Please filter the entries and return only the lines that include "ancestor".

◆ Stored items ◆
----

lemma (in rooted_graph) odd_cycle_through_theta_in_level:
  assumes theta: "theta_graph E l f a b" and level: "f ` {..<l} \<subseteq> {v \<in> VT. depth v = i}"
    and "i \<le> k" "2 * k \<le> l"
  shows "\<exists>v. inj_on v {..<2 * k + 1} \<and> (\<forall>n<2 * k + 1. {v n, v (Suc n mod (2 * k + 1))} \<in> E \<union> ET)"
proof -
  have "f 0 \<noteq> f 1" using theta_graph.inj_f[OF theta] theta_graph.order[OF theta] by (auto dest: inj_onD)
  then obtain j u w where "j < i" and joined: "\<forall>u\<in>f ` {..<l}. \<forall>w\<in>f ` {..<l}. ancestor u j = ancestor w j"
    and "u < l" "w < l" and split: "ancestor (f u) (Suc j) \<noteq> ancestor (f w) (Suc j)"
    using exists_branching_level[OF level, of "f 0" "f 1"] theta_graph.order[OF theta] by auto
  define L where "L = 2 * (k - (i - j)) + 1"
  define c where "c z = (ancestor z (Suc j) = ancestor (f u) (Suc j))" for z
  have "odd L" "L < l" using \<open>j < i\<close> assms(3,4) unfolding L_def by auto
  then obtain g where path_inj: "inj_on g {..L}" and path_edge: "\<forall>n<L. {g n, g (Suc n)} \<in> E"
    and g_theta: "g ` {..L} \<subseteq> f ` {..<l}" and colours: "c (g 0) \<noteq> c (g L)"
    using theta_graph.odd_path_with_distinct_end_colours[OF theta, of L u w c] \<open>u < l\<close> \<open>w < l\<close> split
    unfolding c_def by auto
  have path_level: "g n \<in> VT \<and> depth (g n) = i" if "n \<le> L" for n
  proof -
    have "g n \<in> f ` {..<l}" using that g_theta by auto
    then show ?thesis using level by auto
  qed
  have "g 0 \<in> f ` {..<l}" "g L \<in> f ` {..<l}" using g_theta by auto
  then have "ancestor (g 0) j = ancestor (g L) j" using joined by blast
  moreover have "ancestor (g 0) (Suc j) \<noteq> ancestor (g L) (Suc j)" using colours unfolding c_def by auto
  ultimately interpret level_path VT ET x E g L i j
    using path_inj path_edge path_level \<open>j < i\<close> by unfold_locales simp_all
  have "cycle_length = 2 * k + 1" using \<open>j < i\<close> assms(3) unfolding L_def by simp
  then show ?thesis using inj_on_closing_cycle closing_cycle_edge by metis
qed

section \<open>Berge cycles\<close>

lemma Suc_Suc_mod_neq:
  assumes "n < m" "3 \<le> m"
  shows "Suc (Suc n mod m) mod m \<noteq> n"
proof -
  have "Suc (Suc n mod m) mod m = (n + 2) mod m" by (simp add: mod_Suc_eq)
  moreover have "(n + 2) mod m \<noteq> n"
    using assms by (cases "n + 2 < m") (auto simp: mod_if)
  ultimately show ?thesis by simp
qed

lemma has_berge_cycle_if_G_pi_cycle:
  assumes "choice_fun H \<pi>" "3 \<le> m" and inj: "inj_on v {..<m}"
    and edge: "\<And>n. n < m \<Longrightarrow> {v n, v (Suc n mod m)} \<in> G_pi H \<pi>"
  shows "has_berge_cycle H m"
proof -
  define Hs where "Hs n = (SOME E. E \<in> H \<and> \<pi> E = {v n, v (Suc n mod m)})" for n
  have Hs: "Hs n \<in> H \<and> \<pi> (Hs n) = {v n, v (Suc n mod m)}" if "n < m" for n
  proof -
    have "\<exists>E. E \<in> H \<and> \<pi> E = {v n, v (Suc n mod m)}"
      using edge[OF that] unfolding G_pi_def by auto
    then show ?thesis unfolding Hs_def by (rule someI_ex)
  qed
  have "inj_on Hs {..<m}"
  proof (rule inj_onI)
    fix n n' assume "n \<in> {..<m}" "n' \<in> {..<m}" "Hs n = Hs n'"
    then have "n < m" "n' < m" "Suc n mod m < m" "Suc n' mod m < m" by auto
    then have "{v n, v (Suc n mod m)} = {v n', v (Suc n' mod m)}"
      using Hs \<open>Hs n = Hs n'\<close> by metis
    then consider "v n = v n'" | "v n = v (Suc n' mod m)" "v (Suc n mod m) = v n'"
      unfolding doubleton_eq_iff by blast
    then consider "n = n'" | "n = Suc n' mod m" "Suc n mod m = n'"
      using inj_onD[OF inj] \<open>n < m\<close> \<open>n' < m\<close> \<open>Suc n mod m < m\<close> \<open>Suc n' mod m < m\<close>
      by (metis lessThan_iff)
    then show "n = n'" using Suc_Suc_mod_neq[OF \<open>n' < m\<close> assms(2)] by metis
  qed
  moreover have "{v n, v (Suc n mod m)} \<subseteq> Hs n" if "n < m" for n
    using Hs[OF that] assms(1) unfolding choice_fun_def by force
  ultimately show ?thesis unfolding has_berge_cycle_def
    by (intro exI[of _ Hs] exI[of _ v]) (use Hs inj in auto)
qed

theorem lemma5p2:
  fixes H :: "'a set set" and \<pi> :: "'a set \<Rightarrow> 'a set" and k :: nat
    and VT :: "'a set" and ET :: "'a set set" and x :: 'a
  assumes "k \<ge> 2"
    and "finite H" and "uniform3 H" and "linear_hg H"
    and "\<not> has_berge_cycle H (2 * k + 1)"
    and "choice_fun H \<pi>"
    and "is_subtree VT ET (\<Union>H) (G_pi H \<pi>)"
    and "x \<in> VT"
  shows "\<forall>i. 1 \<le> i \<and> i \<le> k \<longrightarrow>
           (\<forall>l\<ge>2 * k. \<not> has_theta {v \<in> VT. tree_dist ET x v = i}
                               (induced_edges (G_pi H \<pi>) {v \<in> VT. tree_dist ET x v = i}) l)"
proof (intro allI impI notI)
  fix i l
  let ?level = "{v \<in> VT. tree_dist ET x v = i}"
  assume "1 \<le> i \<and> i \<le> k" "2 * k \<le> l"
    and "has_theta ?level (induced_edges (G_pi H \<pi>) ?level) l"
  then obtain f a b where theta: "theta_graph (induced_edges (G_pi H \<pi>) ?level) l f a b"
    and "f ` {..<l} \<subseteq> ?level"
    unfolding has_theta_def theta_graph_def by blast
  interpret rooted_graph VT ET x using assms(7,8) unfolding is_subtree_def by unfold_locales auto
  obtain v where inj: "inj_on v {..<2 * k + 1}"
    and cycle: "\<forall>n<2 * k + 1. {v n, v (Suc n mod (2 * k + 1))} \<in> induced_edges (G_pi H \<pi>) ?level \<union> ET"
    using odd_cycle_through_theta_in_level[OF theta] \<open>f ` {..<l} \<subseteq> ?level\<close> \<open>1 \<le> i \<and> i \<le> k\<close>
      \<open>2 * k \<le> l\<close> by blast
  have "induced_edges (G_pi H \<pi>) ?level \<union> ET \<subseteq> G_pi H \<pi>"
    using assms(7) unfolding induced_edges_def is_subtree_def by auto
  then have "\<And>n. n < 2 * k + 1 \<Longrightarrow> {v n, v (Suc n mod (2 * k + 1))} \<in> G_pi H \<pi>"
    using cycle by blast
  moreover have "3 \<le> 2 * k + 1" using assms(1) by simp
  ultimately have "has_berge_cycle H (2 * k + 1)"
    using has_berge_cycle_if_G_pi_cycle[OF assms(6) _ inj] by blast
  then show False using assms(5) by contradiction
qed

end
(* Let $\{(X_i,Y_i)\}_{i\ge 1}$ be a stationary ergodic sequence with values in $\mathbb{R}^d\times\mathbb{R}$ with $E|Y_1|<\infty$; let $(X,Y)$ have the common distribution of the $(X_i,Y_i)$, $\mu$ the distribution of $X$, and suppose the regression function $m(x)=E(Y\mid X=x)$ is Lipschitz continuous with Lipschitz constant $C$ (with respect to the Euclidean norm). Let $L\ge C\sqrt d$ and let $N_n$ be a non-decreasing sequence of positive integers with $N_n\to\infty$. Then, with $S$, $m_L$, $\hat m_{n,L}$ as in the context, $m_L(x)=m(x)$ for all $x\in S$, and consequently: (a) almost surely, for all $x\in S$, $\hat m_{n,L}(x)\to m(x)$; (b) if $S$ is bounded, then almost surely $\sup_{x\in S}|\hat m_{n,L}(x)-m(x)|\to 0$; (c) if either $|Y|\le D<\infty$ almost surely for some (not necessarily known) constant $D$, or $\mu$ has bounded support, then almost surely $\int(\hat m_{n,L}(x)-m(x))^2\mu(dx)\to 0$.
   Context: For $k\ge 1$, $\mathcal{P}_k$ is a partition of $\mathbb{R}^d$ into cubes of volume $(2^{-k-2})^d$ (side length $2^{-k-2}$), with $\mathcal{P}_{k+1}$ refining $\mathcal{P}_k$; $A_k(x)$ is the cell of $\mathcal{P}_k$ containing $x$. $S=\{x\in\mathbb{R}^d: \mu(A_k(x))>0 \text{ for all } k\ge1\}$. For $x\in S$: $M_k(x)=E(Y\mid X\in A_k(x))$; for $k\ge2$, $\Delta_{k,L}(x)=\mathrm{sign}(M_k(x)-M_{k-1}(x))\min(|M_k(x)-M_{k-1}(x)|,L2^{-k})$; $m_L(x)=M_1(x)+\sum_{k=2}^\infty\Delta_{k,L}(x)$. Estimator: $\hat M_{k,n}(x)=\frac{\sum_{j=1}^n Y_j1_{\{X_j\in A_k(x)\}}}{\sum_{j=1}^n1_{\{X_j\in A_k(x)\}}}$ (set to $0$ if the denominator is $0$); for $k\ge2$, $\hat\Delta_{k,n,L}(x)=\mathrm{sign}(\hat M_{k,n}(x)-\hat M_{k-1,n}(x))\min(|\hat M_{k,n}(x)-\hat M_{k-1,n}(x)|,L2^{-k})$; $\hat m_{n,L}(x)=\hat M_{1,n}(x)+\sum_{k=2}^{N_n}\hat\Delta_{k,n,L}(x)$. *)

theory Defs
  imports "HOL-Probability.Probability"
begin

text \<open>Dyadic partition: the cell of P_k containing x is the half-open grid cube of
side 2^(-k-2) containing x.\<close>
definition cell :: "nat \<Rightarrow> real^'d \<Rightarrow> (real^'d) set" where
  "cell k x = {y. \<forall>i. \<lfloor>2^(k+2) * (y $ i)\<rfloor> = \<lfloor>2^(k+2) * (x $ i)\<rfloor>}"

definition clip :: "real \<Rightarrow> nat \<Rightarrow> real \<Rightarrow> real" where
  "clip L k t = sgn t * min \<bar>t\<bar> (L / 2^k)"

definition cell_mean :: "'a measure \<Rightarrow> ('a \<Rightarrow> real^'d) \<Rightarrow> ('a \<Rightarrow> real) \<Rightarrow> nat \<Rightarrow> real^'d \<Rightarrow> real" where
  "cell_mean M X Y k x =
     (\<integral>\<omega>. indicator (cell k x) (X \<omega>) * Y \<omega> \<partial>M) / measure M {\<omega>\<in>space M. X \<omega> \<in> cell k x}"

definition pos_set :: "'a measure \<Rightarrow> ('a \<Rightarrow> real^'d) \<Rightarrow> (real^'d) set" where
  "pos_set M X = {x. \<forall>k\<ge>1. measure M {\<omega>\<in>space M. X \<omega> \<in> cell k x} > 0}"

definition m_L :: "'a measure \<Rightarrow> ('a \<Rightarrow> real^'d) \<Rightarrow> ('a \<Rightarrow> real) \<Rightarrow> real \<Rightarrow> real^'d \<Rightarrow> real" where
  "m_L M X Y L x = cell_mean M X Y 1 x +
     (\<Sum>k. clip L (k+2) (cell_mean M X Y (k+2) x - cell_mean M X Y (k+1) x))"

text \<open>Empirical cell mean from the first n samples (sample j+1 is (X j, Y j));
  division by zero yields 0, matching the convention of the paper.\<close>
definition emp_mean :: "(nat \<Rightarrow> 'a \<Rightarrow> real^'d) \<Rightarrow> (nat \<Rightarrow> 'a \<Rightarrow> real) \<Rightarrow> nat \<Rightarrow> nat \<Rightarrow> 'a \<Rightarrow> real^'d \<Rightarrow> real" where
  "emp_mean X Y k n \<omega> x =
     (\<Sum>j<n. Y j \<omega> * indicator (cell k x) (X j \<omega>)) / (\<Sum>j<n. indicator (cell k x) (X j \<omega>))"

definition m_hat :: "(nat \<Rightarrow> 'a \<Rightarrow> real^'d) \<Rightarrow> (nat \<Rightarrow> 'a \<Rightarrow> real) \<Rightarrow> real \<Rightarrow> nat \<Rightarrow> nat \<Rightarrow> 'a \<Rightarrow> real^'d \<Rightarrow> real" where
  "m_hat X Y L N n \<omega> x = emp_mean X Y 1 n \<omega> x +
     (\<Sum>k\<in>{2..N}. clip L k (emp_mean X Y k n \<omega> x - emp_mean X Y (k-1) n \<omega> x))"

definition proc_law :: "'a measure \<Rightarrow> (nat \<Rightarrow> 'a \<Rightarrow> 'b::topological_space) \<Rightarrow> (nat \<Rightarrow> 'b) measure" where
  "proc_law M Z = distr M (PiM UNIV (\<lambda>_. borel)) (\<lambda>\<omega> i. Z i \<omega>)"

----

◆ Result of the task ◆
  then obtain j u w where "j < i" and joined: "\<forall>u\<in>f ` {..<l}. \<forall>w\<in>f ` {..<l}. ancestor u j = ancestor w j"
    and "u < l" "w < l" and split: "ancestor (f u) (Suc j) \<noteq> ancestor (f w) (Suc j)"
  define c where "c z = (ancestor z (Suc j) = ancestor (f u) (Suc j))" for z
  then have "ancestor (g 0) j = ancestor (g L) j" using joined by blast
  moreover have "ancestor (g 0) (Suc j) \<noteq> ancestor (g L) (Suc j)" using colours unfolding c_def by auto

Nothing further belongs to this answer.